Face aux droits de douane imposés par Donald Trump, les dirigeants de l’Asie du Sud-Est comptent redéfinir leurs alliances économiques lors du sommet de l’ASEAN les 26 et 27 mai.
Réunis à Kuala Lumpur avec des représentants de la Chine et du conseil de coopération du Golfe, les dix pays de l’ASEAN s’attellent à compenser, lors de leur 46e sommet, les turbulences du protectionnisme américain. Le bloc d’Asie du Sud-Est – qui comprend la Birmanie, la Thaïlande, le Laos, le Vietnam, le Cambodge, la Malaisie, les Philippines, Singapour, l’Indonésie et Brunei – multiplie les ouvertures vers de nouveaux partenaires économiques.

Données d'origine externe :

(* A family $\mathcal{X}$ of metric spaces belongs to $\mathfrak{C}_\alpha$ for some ordinal $\alpha$ if and only if it belongs to $\mathfrak{C}_\alpha$ for some countable ordinal $\alpha$; that is, $\bigcup_\alpha\mathfrak{C}_\alpha=\mathfrak{C}_{\omega_1}$.
   Context: A family $\mathcal{U}$ of metric subspaces of a metric space $(X,d)$ is $r$-disjoint if $d(x,y)>r$ whenever $x\in U$, $y\in U'$, $U\neq U'$ in $\mathcal{U}$. For families $\mathcal{X},\mathcal{Y}$ and $R\in\mathbb{R}^{\mathbb{N}}$, $\mathcal{X}\xrightarrow{R}\mathcal{Y}$ means: there is an integer $k$ such that for each $X\in\mathcal{X}$ there are subcollections $\mathcal{U}_1,\dots,\mathcal{U}_k\subseteq\mathcal{Y}$ of subspaces of $X$, each $\mathcal{U}_i$ being $R_i$-disjoint, with $\bigcup_i\mathcal{U}_i$ covering $X$. A family is bounded if the diameters of its members are uniformly bounded. $\mathfrak{C}_0$ is the class of bounded families; for an ordinal $\alpha>0$, $\mathfrak{C}_\alpha$ is the class of families $\mathcal{X}$ such that for every $R\in\mathbb{R}^{\mathbb{N}}$ there exist $\beta<\alpha$ and $\mathcal{Y}\in\mathfrak{C}_\beta$ with $\mathcal{X}\xrightarrow{R}\mathcal{Y}$. $\omega_1$ denotes the first uncountable ordinal. *)

theory Defs
  imports "HOL-Analysis.Abstract_Metric_Spaces"
begin

text \<open>A metric space is represented as a pair (carrier, metric); a family of
metric spaces is a set of such pairs over an ambient type 'a.\<close>

type_synonym 'a mspace_rep = "'a set \<times> ('a \<Rightarrow> 'a \<Rightarrow> real)"
type_synonym 'a mfamily = "'a mspace_rep set"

Objectif: placer les pays du Golfe et la Chine au cœur de sa stratégie de diversification… Quitte à redéfinir les équilibres géopolitiques régionaux.
Pivot stratégique vers le Golfe
La présence lundi et mardi à Kuala Lumpur des représentants du Conseil de coopération du Golfe – Bahreïn, Koweït, Oman, Qatar, Arabie saoudite et Émirats arabes unis – marque un tournant dans la diplomatie économique de l’ASEAN. «Ce n’est pas juste une séance photo,» souligne auprès de l’AFP Khoo Ying Hooi de l’université de Malaya, y voyant une «diplomatie de multi-alignement» qui «démontre comment l’ASEAN tente de s’engager stratégiquement auprès de divers blocs». Cette ouverture vers les monarchies du Golfe répond à une logique d’urgence. Les «mesures tarifaires unilatérales» américaines «posent des défis complexes et multidimensionnels», selon un projet de déclaration commune de l’ASEAN consulté par l’AFP. Les dirigeants exprimeront leur «profonde inquiétude» face à ces nouvelles barrières commerciales.
Vide laissé par Washington
L’administration Trump tarde à répondre aux sollicitations asiatiques. Le Premier ministre malaisien Anwar Ibrahim a «écrit à Trump pour demander la tenue d’un sommet ASEAN-Etats-Unis cette année», mais «les États-Unis n’ont pas encore répondu», selon son ministre des Affaires étrangères Mohamad Hasan. Cette absence de dialogue contraste avec l’empressement chinois. Le premier ministre Li Qiang, arrivé lundi en Malaisie après une visite en Indonésie, a mis en garde les pays régionaux contre «l’unilatéralisme» et le «protectionnisme» qui menacent «l’ordre économique international».
«Une transition dans l’ordre géopolitique est en cours et le système commercial mondial est soumis à une pression supplémentaire, a constaté Anwar Ibrahim dans son discours d’ouverture. Le protectionnisme refait surface alors que nous sommes témoins d’un multilatéralisme qui s’effondre». Alors que l’ASEAN avait déclaré plus tôt dans l’année qu’elle n’imposerait pas de droits de douane en riposte à ceux imposés par Washington, elle mise désormais sur l’élargissement de ses relations avec d’autres blocs commerciaux, «y compris l’Union européenne», selon l’AFP.
Le Timor oriental en ligne de mire
L’expansion du bloc se précise avec la candidature du Timor oriental. «Tout le monde me soutient. Tout le monde. C’était incroyable », s’est enthousiasmé le premier ministre Xanana Gusmao après ses rencontres lundi. La plus jeune nation d’Asie «a fait des progrès significatifs dans la mise en œuvre d’une feuille de route» et bénéficie «d’un fort soutien» pour rejoindre le bloc, selon le ministre malaisien des Affaires étrangères, Mohamad Hasan. L’adhésion pourrait intervenir dès octobre 2025, lors du prochain sommet.
Pression maintenue sur la Birmanie
En parallèle de ces manœuvres économiques, l’ASEAN maintient sa pression diplomatique sur la junte birmane. «Le gouvernement birman doit se conformer au consensus en cinq points auquel il a lui-même souscrit», a martelé Mohamad Hasan. Il a également appelé la junte «à prolonger et étendre le cessez-le-feu» décrété après le séisme de mars dernier, qui doit expirer fin mai. Les efforts diplomatiques demeurent «infructueux» depuis le coup d’État de février 2021 qui a renversé Aung San Suu Kyi.